我注意到 lazy val 重复计算了几次(以防异常):
scala> lazy val aaa = {println("calc"); sys.error("aaaa")}
aaa: Nothing = <lazy>
scala> aaa
calc
java.lang.RuntimeException: aaaa
at scala.sys.package$.error(package.scala:27)
at .aaa$lzycompute(<console>:7)
at .aaa(<console>:7)
... 33 elided
scala> aaa
calc
java.lang.RuntimeException: aaaa
at scala.sys.package$.error(package.scala:27)
at .aaa$lzycompute(<console>:7)
at .aaa(<console>:7)
... 33 elided
不应该是这样的吗:
scala> aaa
calc
java.lang.RuntimeException: Not Initialized!
caused by
java.lang.RuntimeException: aaaa
scala> aaa
java.lang.RuntimeException: Not Initialized!
caused by
java.lang.RuntimeException: aaaa
在 this post 中,他们很好地解释了 lazy val 是如何被 Scala 编译器编译的。基本上,如果表达式的评估失败,则不会设置指示 lazy val 包含其数据的指示符位。
更新1:
我认为采用第一种方法的一个原因可能是第二种方法可以通过使用两个 lazy val 来模拟,而不会给底层实现增加多个可变变量的负担:
scala> lazy val _aaa = Try {println("calc"); sys.error("aaaa")}
_aaa: scala.util.Try[Nothing] = <lazy>
scala> lazy val aaa = _aaa.get
aaa: Nothing = <lazy>
scala> aaa
calc
java.lang.RuntimeException: aaaa
at scala.sys.package$.error(package.scala:27)

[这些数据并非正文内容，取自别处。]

(* Let $X$ be a metric space of bounded geometry, $1\le p<\infty$, and let $\mathfrak U$ be a cover of $X$ with finite multiplicity $m(\mathfrak U)$, finite mesh $S(\mathfrak U)$, positive Lebesgue number $L(\mathfrak U)$, and such that no member of $\mathfrak U$ equals $X$. Then there exists a map $\xi\colon X\to\ell^p_1(X)$ with $S(\xi)=S(\mathfrak U)$ which is $\dfrac{2\,(2m(\mathfrak U)^2)^{1/p}}{L(\mathfrak U)}$-Lipschitz.
   Context: A metric space has bounded geometry if for every $R\ge0$ there is $C<\infty$ such that every ball of radius $R$ contains at most $C$ points. For a cover $\mathfrak U$ of $X$: $L(\mathfrak U,x)=\sup_{U\in\mathfrak U}\sup\{r: B_r(x)\subset U\}$, $L(\mathfrak U)=\inf_x L(\mathfrak U,x)$, $m(\mathfrak U)=\max_x\#\{U\in\mathfrak U:x\in U\}$, $S(\mathfrak U)=\sup_{U\in\mathfrak U}\operatorname{diam}U$. $\ell^p(X)$ is the space of $p$-summable real functions on $X$, $\ell^p_1(X)$ its unit sphere; for $\xi\colon X\to\ell^p(X)$, $x\mapsto\xi_x$, $S(\xi)=\sup\{d(x,y):\xi_x(y)\ne0\}$. *)

theory Defs
  imports "HOL-Analysis.Analysis"
begin

text \<open>The metric space X is the whole type 'a :: metric_space.\<close>

definition bounded_geometry :: "'a::metric_space itself \<Rightarrow> bool" where
  "bounded_geometry _ \<longleftrightarrow>
     (\<forall>R::real. R \<ge> 0 \<longrightarrow> (\<exists>C::nat. \<forall>x::'a. finite (cball x R) \<and> card (cball x R) \<le> C))"

definition ediam :: "'a::metric_space set \<Rightarrow> ereal" where
  "ediam U = (SUP xy\<in>U \<times> U. ereal (dist (fst xy) (snd xy)))"

definition mesh :: "'a::metric_space set set \<Rightarrow> ereal" where
  "mesh \<U> = (SUP U\<in>\<U>. ediam U)"

definition leb_at :: "'a::metric_space set set \<Rightarrow> 'a \<Rightarrow> ereal" where
  "leb_at \<U> x = (SUP U\<in>\<U>. Sup {ereal r | r. ball x r \<subseteq> U})"

definition leb :: "'a::metric_space set set \<Rightarrow> ereal" where
  "leb \<U> = (INF x. leb_at \<U> x)"

definition finite_mult :: "'a set set \<Rightarrow> bool" where
  "finite_mult \<U> \<longleftrightarrow> (\<exists>M::nat. \<forall>x. finite {U\<in>\<U>. x \<in> U} \<and> card {U\<in>\<U>. x \<in> U} \<le> M)"
lemma distr_funpow_eq:
  assumes "T \<in> M \<rightarrow>\<^sub>M M" "distr M M T = M"
  shows "distr M M (T ^^ n) = M"
proof (induction n)
  case (Suc n)
  have "distr M M (T ^^ Suc n) = distr (distr M M (T ^^ n)) M T"
    using distr_distr[OF assms(1) measurable_funpow[OF assms(1)]] by simp
  also have "\<dots> = M"
    using Suc assms(2) by simp
  finally show ?case .
qed (simp add: distr_id2)

lemma integral_funpow_eq:
  fixes h :: "'a \<Rightarrow> real"
  assumes "T \<in> M \<rightarrow>\<^sub>M M" "distr M M T = M" "h \<in> borel_measurable M"
  shows "(\<integral>x. h ((T ^^ n) x) \<partial>M) = integral\<^sup>L M h"
  using integral_distr[OF measurable_funpow[OF assms(1)] assms(3), of n]
  by (simp add: distr_funpow_eq[OF assms(1,2)])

at $anonfun$_aaa.apply(<console>:10)
at $anonfun$_aaa.apply(<console>:10)
at scala.util.Try$.apply(Try.scala:191)
at ._aaa$lzycompute(<console>:10)
at ._aaa(<console>:10)
at .aaa$lzycompute(<console>:11)
at .aaa(<console>:11)
... 33 elided
scala> aaa
java.lang.RuntimeException: aaaa
at scala.sys.package$.error(package.scala:27)

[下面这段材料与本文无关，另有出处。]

text \<open>One inequality for each union bound; all hold for large \<open>k\<close> because
  \<open>ball_rate (c * kappa k) \<sim> c (ln k)\<^sup>2 / k\<close> is a small fraction of \<open>beta k\<close>.\<close>

definition admissible :: "nat \<Rightarrow> bool" where
  "admissible k \<longleftrightarrow> 2 \<le> k \<and> 100 * kappa k \<le> 1 \<and> exp (- real k / 20) * real k ^ 200 \<le> 1 / 2 \<and>
     ball_rate (10 * kappa k) + 2 / (real k)\<^sup>2 \<le> beta k / 10 \<and>
     ln 2 + real (k + 1) * ball_rate (10 * kappa k) - real (k + 1) * beta k / 5 \<le> -1 \<and>
     ln 2 + ball_rate (100 * kappa k) - real k * beta k / 200 \<le> -1"

lemma eventually_admissible: "eventually admissible sequentially"
  unfolding admissible_def beta_def ball_rate_def kappa_def
  by (intro eventually_conj eventually_ge_at_top; real_asymp)

lemma admissible_kappa:
  assumes "admissible k"
  shows "1 \<le> k" "0 < kappa k" "100 * kappa k \<le> 1"
  using assms by (auto simp: admissible_def kappa_def)

context
  fixes k n m :: nat
  assumes adm: "admissible k" and "n > 0" and m_large: "beta k * real n \<le> real m / 2 ^ k"
begin

lemma card_bad_Tset_le_exp:
  "real (card (bad_Tset k n m)) \<le> real (card (formulas k n m)) * exp (- beta k / 10) ^ n"
proof -
  have "real (card (bad_Tset k n m)) \<le> real (card (formulas k n m)) * exp (- (real m / 2 ^ k) / 10)"
    using card_bad_Tset_le[OF \<open>n > 0\<close>] admissible_kappa[OF adm] by (simp add: card_formulas)
  also have "exp (- (real m / 2 ^ k) / 10) \<le> exp (- beta k / 10) ^ n"
    using m_large by (simp add: exp_of_nat_mult[symmetric] mult.commute)
  finally show ?thesis by (simp add: mult_left_mono)
qed

lemma card_bad_crowded_le_exp:
  "real (card (bad_crowded k n m)) \<le> real (card (formulas k n m)) * exp (- 1) ^ n"
proof -
  define V where "V = exp (real n * ball_rate (10 * kappa k))"
  have "real (card (bad_crowded k n m)) \<le> 2 ^ n * V ^ (k + 1)
      * (real (card (formulas k n m)) * exp (- real (k + 1) * (real m / 2 ^ k) / 5))"
    using card_bad_crowded_le[OF \<open>n > 0\<close>] card_Dball_le admissible_kappa[OF adm]
    by (simp add: V_def card_formulas)
  also have "\<dots> = real (card (formulas k n m))
      * exp (real n * (ln 2 + real (k + 1) * ball_rate (10 * kappa k)) - real (k + 1) * (real m / 2 ^ k) / 5)"
    by (simp add: two_power_eq_exp[of n] V_def exp_of_nat_mult[symmetric] mult_exp_exp exp_diff exp_minus field_simps)
  also have "\<dots> \<le> real (card (formulas k n m)) * exp (- 1) ^ n"
  proof -
    have "real (k + 1) * (beta k * real n) \<le> real (k + 1) * (real m / 2 ^ k)"
      using m_large by (intro mult_left_mono) auto
    moreover have "real n * (ln 2 + real (k + 1) * ball_rate (10 * kappa k) - real (k + 1) * beta k / 5)
        \<le> real n * (- 1)"
      using adm by (intro mult_left_mono) (auto simp: admissible_def)
    ultimately have "real n * (ln 2 + real (k + 1) * ball_rate (10 * kappa k))
        - real (k + 1) * (real m / 2 ^ k) / 5 \<le> real n * (- 1)"
      by (simp add: algebra_simps)
    then show ?thesis
      by (simp add: exp_of_nat_mult[symmetric] mult_left_mono)
  qed
  finally show ?thesis .
qed

lemma card_bad_Xcount_le_exp:
  "real (card (bad_Xcount k n m)) \<le> real (card (formulas k n m)) * exp (- 1) ^ n"
proof -
  have "real (card (bad_Xcount k n m))
      \<le> 2 ^ n * real (card {W\<in>Pow {..<n}. real (card W) \<le> 100 * kappa k * real n})
        * (real (card (formulas k n m)) * exp (- real k * (real m / 2 ^ k) / 200))"
    using card_bad_Xcount_le[of k n m] adm admissible_kappa[OF adm]
    by (simp add: admissible_def card_formulas)
  also have "\<dots> \<le> 2 ^ n * exp (real n * ball_rate (100 * kappa k))
      * (real (card (formulas k n m)) * exp (- real k * (real m / 2 ^ k) / 200))"
    using card_subsets_le_ball_rate[of 100 k n] admissible_kappa[OF adm]
    by (intro mult_right_mono mult_left_mono) auto
  also have "\<dots> = real (card (formulas k n m))
      * exp (real n * (ln 2 + ball_rate (100 * kappa k)) - real k * (real m / 2 ^ k) / 200)"
    by (simp add: two_power_eq_exp[of n] mult_exp_exp exp_diff exp_minus field_simps)
  also have "\<dots> \<le> real (card (formulas k n m)) * exp (- 1) ^ n"
  proof -
    have "real k * (beta k * real n) \<le> real k * (real m / 2 ^ k)"
      using m_large by (intro mult_left_mono) auto
    moreover have "real n * (ln 2 + ball_rate (100 * kappa k) - real k * beta k / 200) \<le> real n * (- 1)"
      using adm by (intro mult_left_mono) (auto simp: admissible_def)
    ultimately have "real n * (ln 2 + ball_rate (100 * kappa k)) - real k * (real m / 2 ^ k) / 200
        \<le> real n * (- 1)"
      by (simp add: algebra_simps)
    then show ?thesis
      by (simp add: exp_of_nat_mult[symmetric] mult_left_mono)
  qed
  finally show ?thesis .
qed

lemma Dmist_volume_bound:
  "2 ^ n * exp (- (real m / 2 ^ k) / 10) * exp (real n * ball_rate (10 * kappa k))
    \<le> 2 ^ n * exp (- 2 * real n / (real k)\<^sup>2)"
proof -
  have "real n * (ball_rate (10 * kappa k) + 2 / (real k)\<^sup>2) \<le> real n * (beta k / 10)"
    using adm by (intro mult_left_mono) (auto simp: admissible_def)
  then have "real n * ball_rate (10 * kappa k) + real n * (2 / (real k)\<^sup>2) \<le> beta k * real n / 10"
    by (simp only: distrib_left) (simp add: mult.commute)
  moreover have "beta k * real n / 10 \<le> real m / 2 ^ k / 10"
    using m_large by (rule divide_right_mono) simp
  ultimately have "real n * ball_rate (10 * kappa k) + real n * (2 / (real k)\<^sup>2) \<le> real m / 2 ^ k / 10"
    by linarith
  then have "- (real m / 2 ^ k) / 10 + real n * ball_rate (10 * kappa k) \<le> - 2 * real n / (real k)\<^sup>2"
    by simp
  then show ?thesis
    by (simp add: mult_exp_exp mult.assoc)
qed

lemma prob_quasirandom_ge:
  "1 - (exp (- beta k / 10) ^ n + 2 * exp (- 1) ^ n) \<le> prob_quasirandom k n m"
proof -
  define N where "N = real (card (formulas k n m))"
  define B where "B = bad_Tset k n m \<union> bad_crowded k n m \<union> bad_Xcount k n m"
  have "0 < N" using \<open>n > 0\<close> by (simp add: N_def card_formulas)
  have "finite B"
    by (rule finite_subset[OF _ finite_formulas[of k n m]])
      (auto simp: B_def bad_Tset_def bad_crowded_def bad_Xcount_def bad_Xcount_at_def)
  then have "card (formulas k n m) - card B \<le> card (formulas k n m - B)"
    by (rule diff_card_le_card_Diff)
  also have "\<dots> \<le> card {\<Phi>\<in>formulas k n m. quasirandom k n m \<Phi>}"
    using quasirandom_if_not_bad[OF \<open>n > 0\<close> _ _ _ _ _ card_Dball_le Dmist_volume_bound]
      admissible_kappa[OF adm] by (intro card_mono) (auto simp: B_def)
  finally have "card (formulas k n m) - card B \<le> card {\<Phi>\<in>formulas k n m. quasirandom k n m \<Phi>}" .
  then have "N - real (card B) \<le> real (card {\<Phi>\<in>formulas k n m. quasirandom k n m \<Phi>})"
    unfolding N_def by linarith
  moreover have "real (card B) \<le> N * (exp (- beta k / 10) ^ n + 2 * exp (- 1) ^ n)"
  proof -
    have "card B \<le> card (bad_Tset k n m) + card (bad_crowded k n m) + card (bad_Xcount k n m)"
      unfolding B_def by (metis card_Un_le add_right_mono order_trans)
    then show ?thesis
      using card_bad_Tset_le_exp card_bad_crowded_le_exp card_bad_Xcount_le_exp
      by (simp add: N_def algebra_simps)
  qed
  ultimately show ?thesis
    using \<open>0 < N\<close> by (simp add: prob_quasirandom_def N_def[symmetric] field_simps)
qed

end

lemma prob_quasirandom_le_1: "prob_quasirandom k n m \<le> 1"
proof -
  have "card {\<Phi>\<in>formulas k n m. quasirandom k n m \<Phi>} \<le> card (formulas k n m)"
    by (rule card_mono) auto
  then show ?thesis
    unfolding prob_quasirandom_def by (cases "card (formulas k n m) = 0") (auto simp: divide_le_eq_1)
qed

lemma tendsto_prob_quasirandom:
  assumes "admissible k" and "\<forall>n>0. beta k * real n \<le> real (m n) / 2 ^ k"
  shows "(\<lambda>n. prob_quasirandom k n (m n)) \<longlonglongrightarrow> 1"
proof (rule tendsto_sandwich[OF _ _ _ tendsto_const])
  have "0 < ln (real k)"
    using admissible_kappa[OF assms(1)] by (simp add: kappa_def zero_less_divide_iff)
  then have "0 < beta k"
    using admissible_kappa(1)[OF assms(1)] by (simp add: beta_def)
  then show "(\<lambda>n. 1 - (exp (- beta k / 10) ^ n + 2 * exp (- 1) ^ n)) \<longlonglongrightarrow> 1"
    by (auto intro!: tendsto_eq_intros LIMSEQ_power_zero)
  show "eventually (\<lambda>n. 1 - (exp (- beta k / 10) ^ n + 2 * exp (- 1) ^ n) \<le> prob_quasirandom k n (m n))
      sequentially"
    using eventually_gt_at_top[of 0] by eventually_elim (use prob_quasirandom_ge assms in blast)
qed (simp add: prob_quasirandom_le_1)

theorem proposition3:
  "\<exists>k0. \<forall>k\<ge>k0. \<forall>m :: nat \<Rightarrow> nat.
     (\<forall>n>0. real (m n) / real n \<ge> 195 * 2 ^ k * (ln (real k))\<^sup>2 / real k) \<longrightarrow>
     (\<lambda>n. prob_quasirandom k n (m n)) \<longlonglongrightarrow> 1"
proof -
  obtain k0 where "\<And>k. k \<ge> k0 \<Longrightarrow> admissible k"
    using eventually_admissible unfolding eventually_sequentially by blast
  moreover have "beta k * real n \<le> real (m n) / 2 ^ k"
    if "n > 0" "real (m n) / real n \<ge> 195 * 2 ^ k * (ln (real k))\<^sup>2 / real k" for k n m
    using that by (simp add: beta_def field_simps)
  ultimately show ?thesis
    by (blast intro: tendsto_prob_quasirandom)
qed

end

at $anonfun$_aaa.apply(<console>:10)
at $anonfun$_aaa.apply(<console>:10)
at scala.util.Try$.apply(Try.scala:191)
at ._aaa$lzycompute(<console>:10)
at ._aaa(<console>:10)
at .aaa$lzycompute(<console>:11)
at .aaa(<console>:11)
... 33 elided
更新2:
正如 @Silly Freak 在他的评论中提出的那样,
scala> lazy val _aaa = Try {println("calc"); sys.error("aaaa")}
_aaa: scala.util.Try[Nothing] = <lazy>
scala> def aaa = _aaa.get
aaa: Nothing
可能会更好,因为我们可以避免有两个 lazy val。